Un mítico comedor de la región cierra sus puertas

Con 73 años de vida, el emblemático restaurante La Choza, de Venado Tuerto, no puede asumir la merma de clientes y los tarifazos

Unos de los restaurantes más antiguos del sur santafesino, La Choza, cierra sus puertas tras 73 años de permanencia casi ininterrumpida en el rubro gastronómico de Venado Tuerto. El motivo es sencillo y contundente. Los dueños no podrán afrontar las facturas de gas y electricidad tras los tarifazos y el local sufre una merma considerable de clientes.

La Choza es un emblemático restaurante ubicado en Venado Tuerto sobre la ruta nacional Nº 8. Pertenece a la familia Ferrando desde sus orígenes y fue fundado en 1943. Casi siempre estuvo abierto salvo en algunos intervalos. Es uno los más antiguos de la zona, junto al hotel El Molino, también ubicado sobre la 8, cuyo propietario era el reconocido piloto de automovilismo Marcos Ciani.

Uno de los titulares de La Choza, Marcelo "Chapa" Ferrando, diálogo con este medio y contó apesadumbrado las peripecias que viene haciendo con su familia para poder mantener abierto el local que, de más está decirlo, es caro a los afectos de los Ferrando. Toda una tradición en la zona sur de la provincia, parte de Buenos Aires y Córdoba.

"Hoy una familia tipo no baja de mil pesos si quiere salir a comer afuera y no cualquiera tiene esa plata para gastar", dijo, y agregó que "a veces resulta complicado hasta comprar la comida en tu casa por lo cara que está. Imaginate lo que es salir a comer afuera".

Facturas abultadas. Al restaurante le llegó la factura de luz de 20 mil pesos, siendo que la anterior apenas había superado los 1.500. Con el gas sucedió algo similar, ya que experimentó un aumento de alrededor del 400 por ciento. "Nosotros restringimos al máximo los márgenes de ganancia y aun así la gente no viene como en otras épocas. Se nota claramente la recesión en la gente que cada día cuida más el mango. Además, en este rubro es donde primero la gente achica gastos. Todo lo que tiene que ver con ocio o esparcimiento es lo primero que deja de consumir", explicó Chapa.

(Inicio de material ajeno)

lemma energy_zero_imp_constant:
  assumes conn: "graph_connected V {e\<in>E. m1 e > 0}" and "energy f = 0" and "u \<in> V" "v \<in> V"
  shows "f u = f v"
proof -
  have nonneg: "0 \<le> weight x y * (f x - f y)\<^sup>2" for x y
    using weight_nonneg by simp
  have "(\<Sum>x\<in>V. \<Sum>y\<in>V. weight x y * (f x - f y)\<^sup>2) = 0"
    using \<open>energy f = 0\<close> unfolding energy_eq by simp
  then have terms: "weight x y * (f x - f y)\<^sup>2 = 0" if "x \<in> V" "y \<in> V" for x y
    using that finite_vertices nonneg by (simp add: sum_nonneg_eq_0_iff sum_nonneg)
  have edge: "f x = f y" if "{x, y} \<in> E" "m1 {x, y} > 0" for x y
  proof -
    have "x \<in> V" "y \<in> V" using \<open>{x, y} \<in> E\<close> by (rule edge_vertices)+
    moreover have "weight x y > 0" using that unfolding weight_def by auto
    ultimately show ?thesis using terms[of x y] by simp
  qed
  have "(u, v) \<in> {(x, y). {x, y} \<in> {e\<in>E. m1 e > 0}}\<^sup>*"
    using conn assms unfolding graph_connected_def by blast
  then show ?thesis
  proof (induction rule: rtrancl_induct)
    case (step y z)
    then show ?case using edge[of y z] by simp
  qed simp
qed

lemma variance_constant:
  assumes "\<forall>u\<in>V. f u = c"
  shows "variance f = 0"
proof -
  have "(\<Sum>u\<in>V. m0 u * f u) = total_mass V m0 * c"
    using assms unfolding total_mass_def by (simp add: sum_distrib_right)
  then have "mean f = c" unfolding mean_def using total_mass_pos by simp
  then show ?thesis using assms unfolding variance_eq_sum_sq by simp
qed

lemma single_vertex:
  assumes "\<not> (\<exists>a\<in>V. \<exists>b\<in>V. a \<noteq> b)"
  shows "E = {}" and "variance f = 0"
proof -
  show "E = {}" using simple assms unfolding simple_graph_def by blast
  obtain a where "V = {a}" using nonempty assms by blast
  then show "variance f = 0" by (intro variance_constant[of f "f a"]) simp
qed

definition normalized :: "('a \<Rightarrow> real) \<Rightarrow> bool" where
  "normalized f \<longleftrightarrow> (\<Sum>u\<in>V. m0 u * f u) = 0 \<and> (\<Sum>u\<in>V. m0 u * (f u)\<^sup>2) = 1"

lemma normalized_mean_variance:
  assumes "normalized f"
  shows "mean f = 0" and "variance f = 1"
  using assms unfolding normalized_def variance_eq mean_def by simp_all
lemma mixed_memory_of_partial_trace:
  assumes "psd_kernel \<sigma>" "has_partial_trace \<sigma> \<rho>" "mixed_memory \<rho>"
  shows "mixed_memory \<sigma>"
proof -
  have "(\<lambda>(p, b). Re (\<sigma> (p, b) (p, b))) summable_on UNIV"
  proof (rule nonneg_summable_on_prod)
    show "((\<lambda>b. Re (\<sigma> (p, b) (p, b))) has_sum Re (\<rho> p p)) UNIV" for p
      using assms(2) unfolding has_partial_trace_def by (intro has_sum_Re) simp
  qed (use psd_kernel_diag(2)[OF assms(1)] mixed_memory_diag_Re_summable[OF assms(3)] in auto)
  then have "(\<lambda>a. Re (\<sigma> a a)) summable_on UNIV"
    by (simp add: case_prod_unfold)
  moreover have "cmod (\<sigma> a a) \<le> Re (\<sigma> a a)" for a
    using psd_kernel_diag[OF assms(1), of a] by (metis abs_of_nonneg norm_of_real order_refl)
  ultimately have "(\<lambda>a. \<sigma> a a) summable_on UNIV"
    by (rule summable_on_dominated)
  with assms(1) show ?thesis by (simp add: mixed_memory_iff_psd_kernel)
qed

lemma has_partial_trace_series_iff:
  fixes T :: "'i \<Rightarrow> ('a \<times> 'b) kernel"
  assumes psd: "\<And>i. psd_kernel (T i)"
    and diag: "\<And>p. (\<lambda>(i, b). Re (T i (p, b) (p, b))) summable_on UNIV"
    and traces: "\<And>i. has_partial_trace (T i) (A i)"
    and sum: "\<And>a c. ((\<lambda>i. T i a c) has_sum S a c) UNIV"
  shows "(\<forall>p q. ((\<lambda>i. A i p q) has_sum R p q) UNIV) \<longleftrightarrow> has_partial_trace S R"
proof -
  have "(\<lambda>(i, b). T i (p, b) (q, b)) summable_on UNIV" for p q
  proof -
    have "psd_kernel (\<lambda>p q. T (fst j) (p, snd j) (q, snd j))" for j
      by (rule psd_kernel_reindex[OF psd, of "\<lambda>p. (p, snd j)"]) (simp add: inj_def)
    from psd_kernel_family_summable[OF this diag[of p, unfolded case_prod_beta] diag[of q, unfolded case_prod_beta]]
    show ?thesis by (simp add: case_prod_unfold)
  qed
  then have "((\<lambda>i. A i p q) has_sum R p q) UNIV \<longleftrightarrow> ((\<lambda>b. S (p, b) (q, b)) has_sum R p q) UNIV" for p q
    by (rule has_sum_iterated_iff)
      (use traces sum in \<open>auto simp: has_partial_trace_def\<close>)
  then show ?thesis
    unfolding has_partial_trace_def by blast
qed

Otra limitación para atraer clientes es que el restaurant está sobre la ruta 8 y "la gente sigue de largo. Ni para en Venado Tuerto. Además, al estar semaforizada en grandes trayectos, los autos pasan en velocidad y ni reparan en el restaurante", contó. Otro tema es que no hay lugares para estacionar a la vera de la carpeta asfáltica.

En venta. La idea es vender el restaurante pese a las resistencias emotivas que predominan en los Ferrando; una familia gastronómica por excelencia. "Si lo podemos vender nos dedicaremos a otra cosa porque salvo que suceda un milagro, nosotros lo vamos a cerrar el mes que viene cuando tengamos que afrontar las facturas del gas o de la luz", explicó Marcelo.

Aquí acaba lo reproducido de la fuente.